DATASET CONTENT section start

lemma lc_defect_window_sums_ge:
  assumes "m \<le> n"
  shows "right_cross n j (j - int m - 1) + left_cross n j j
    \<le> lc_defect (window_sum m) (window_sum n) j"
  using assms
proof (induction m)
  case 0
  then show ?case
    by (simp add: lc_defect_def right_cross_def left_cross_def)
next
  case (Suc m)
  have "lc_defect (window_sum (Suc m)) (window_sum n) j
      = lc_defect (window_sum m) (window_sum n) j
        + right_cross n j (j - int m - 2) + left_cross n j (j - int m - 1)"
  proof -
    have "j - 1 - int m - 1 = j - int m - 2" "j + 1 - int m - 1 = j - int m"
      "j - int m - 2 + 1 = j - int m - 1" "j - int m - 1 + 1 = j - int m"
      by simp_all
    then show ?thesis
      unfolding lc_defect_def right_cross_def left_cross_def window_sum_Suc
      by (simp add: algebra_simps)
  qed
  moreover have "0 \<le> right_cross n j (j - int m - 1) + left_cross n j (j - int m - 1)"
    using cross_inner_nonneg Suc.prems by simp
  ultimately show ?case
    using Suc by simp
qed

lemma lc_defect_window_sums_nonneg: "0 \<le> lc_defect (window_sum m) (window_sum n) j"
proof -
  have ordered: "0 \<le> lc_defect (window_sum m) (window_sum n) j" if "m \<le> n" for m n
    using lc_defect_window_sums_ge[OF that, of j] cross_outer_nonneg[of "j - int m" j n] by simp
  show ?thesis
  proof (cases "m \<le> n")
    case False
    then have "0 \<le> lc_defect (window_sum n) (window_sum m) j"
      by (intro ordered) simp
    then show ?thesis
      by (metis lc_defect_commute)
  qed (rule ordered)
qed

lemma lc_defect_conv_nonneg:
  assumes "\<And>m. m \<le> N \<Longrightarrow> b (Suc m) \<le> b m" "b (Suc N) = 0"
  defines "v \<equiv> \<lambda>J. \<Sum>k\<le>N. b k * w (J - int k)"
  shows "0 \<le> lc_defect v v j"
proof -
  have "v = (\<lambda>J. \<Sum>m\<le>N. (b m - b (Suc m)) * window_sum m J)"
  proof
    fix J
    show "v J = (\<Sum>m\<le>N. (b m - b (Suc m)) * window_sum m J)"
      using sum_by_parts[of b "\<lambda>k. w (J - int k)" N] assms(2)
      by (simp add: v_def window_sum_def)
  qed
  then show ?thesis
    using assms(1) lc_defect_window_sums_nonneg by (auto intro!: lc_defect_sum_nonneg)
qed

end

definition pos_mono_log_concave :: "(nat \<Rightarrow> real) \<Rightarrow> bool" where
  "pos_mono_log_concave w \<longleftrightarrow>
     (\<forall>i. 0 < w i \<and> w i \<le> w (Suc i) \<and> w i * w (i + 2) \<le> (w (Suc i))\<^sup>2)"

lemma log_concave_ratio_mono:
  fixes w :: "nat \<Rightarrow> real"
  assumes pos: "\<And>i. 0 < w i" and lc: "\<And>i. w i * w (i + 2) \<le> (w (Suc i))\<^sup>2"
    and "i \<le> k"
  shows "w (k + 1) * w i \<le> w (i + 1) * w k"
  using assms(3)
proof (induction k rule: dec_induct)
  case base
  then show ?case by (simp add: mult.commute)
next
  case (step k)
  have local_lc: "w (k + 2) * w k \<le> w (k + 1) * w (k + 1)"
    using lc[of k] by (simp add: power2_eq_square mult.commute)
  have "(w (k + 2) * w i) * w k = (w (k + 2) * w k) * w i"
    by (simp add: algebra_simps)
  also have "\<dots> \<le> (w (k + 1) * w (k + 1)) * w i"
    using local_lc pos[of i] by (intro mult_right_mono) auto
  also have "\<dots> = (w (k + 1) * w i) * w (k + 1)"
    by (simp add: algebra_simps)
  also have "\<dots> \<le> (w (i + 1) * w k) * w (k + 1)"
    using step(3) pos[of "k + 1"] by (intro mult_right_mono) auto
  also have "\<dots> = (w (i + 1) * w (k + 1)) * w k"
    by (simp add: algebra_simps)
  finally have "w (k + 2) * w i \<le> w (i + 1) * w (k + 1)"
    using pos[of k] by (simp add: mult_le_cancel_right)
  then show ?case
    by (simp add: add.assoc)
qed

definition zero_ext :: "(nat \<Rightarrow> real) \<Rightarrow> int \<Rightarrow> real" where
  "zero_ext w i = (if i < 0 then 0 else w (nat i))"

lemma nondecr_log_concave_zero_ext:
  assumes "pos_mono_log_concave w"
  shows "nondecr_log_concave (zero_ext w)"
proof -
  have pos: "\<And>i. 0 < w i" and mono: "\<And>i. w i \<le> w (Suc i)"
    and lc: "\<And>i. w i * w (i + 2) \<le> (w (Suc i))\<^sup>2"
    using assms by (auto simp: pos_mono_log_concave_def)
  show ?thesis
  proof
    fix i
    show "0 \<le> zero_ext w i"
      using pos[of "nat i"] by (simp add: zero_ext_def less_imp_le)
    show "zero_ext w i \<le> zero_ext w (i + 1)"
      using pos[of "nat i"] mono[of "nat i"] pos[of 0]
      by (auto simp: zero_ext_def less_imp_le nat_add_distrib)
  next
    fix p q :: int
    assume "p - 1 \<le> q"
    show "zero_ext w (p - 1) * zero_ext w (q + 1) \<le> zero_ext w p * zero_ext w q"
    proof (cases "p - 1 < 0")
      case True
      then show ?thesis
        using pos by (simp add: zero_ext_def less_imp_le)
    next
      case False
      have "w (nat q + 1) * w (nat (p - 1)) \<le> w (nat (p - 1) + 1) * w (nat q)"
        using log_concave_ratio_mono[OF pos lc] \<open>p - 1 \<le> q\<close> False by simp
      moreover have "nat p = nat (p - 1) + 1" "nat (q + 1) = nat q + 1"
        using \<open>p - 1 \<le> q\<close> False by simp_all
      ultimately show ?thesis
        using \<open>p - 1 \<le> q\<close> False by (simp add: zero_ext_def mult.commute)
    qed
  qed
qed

DATASET CONTENT section end

◆ AIM OF THE TASK
Copy, exactly and only, the lines above that begin with the one containing "- 1 - int m" and finish with the one containing "using sum_by_parts[of b".

◆ TASK RESPONSE
    have "j - 1 - int m - 1 = j - int m - 2" "j + 1 - int m - 1 = j - int m"
      "j - int m - 2 + 1 = j - int m - 1" "j - int m - 1 + 1 = j - int m"
      by simp_all
    then show ?thesis
      unfolding lc_defect_def right_cross_def left_cross_def window_sum_Suc
      by (simp add: algebra_simps)
  qed
  moreover have "0 \<le> right_cross n j (j - int m - 1) + left_cross n j (j - int m - 1)"
    using cross_inner_nonneg Suc.prems by simp
  ultimately show ?case
    using Suc by simp
qed

lemma lc_defect_window_sums_nonneg: "0 \<le> lc_defect (window_sum m) (window_sum n) j"
proof -
  have ordered: "0 \<le> lc_defect (window_sum m) (window_sum n) j" if "m \<le> n" for m n
    using lc_defect_window_sums_ge[OF that, of j] cross_outer_nonneg[of "j - int m" j n] by simp
  show ?thesis
  proof (cases "m \<le> n")
    case False
    then have "0 \<le> lc_defect (window_sum n) (window_sum m) j"
      by (intro ordered) simp
    then show ?thesis
      by (metis lc_defect_commute)
  qed (rule ordered)
qed

lemma lc_defect_conv_nonneg:
  assumes "\<And>m. m \<le> N \<Longrightarrow> b (Suc m) \<le> b m" "b (Suc N) = 0"
  defines "v \<equiv> \<lambda>J. \<Sum>k\<le>N. b k * w (J - int k)"
  shows "0 \<le> lc_defect v v j"
proof -
  have "v = (\<lambda>J. \<Sum>m\<le>N. (b m - b (Suc m)) * window_sum m J)"
  proof
    fix J
    show "v J = (\<Sum>m\<le>N. (b m - b (Suc m)) * window_sum m J)"
      using sum_by_parts[of b "\<lambda>k. w (J - int k)" N] assms(2)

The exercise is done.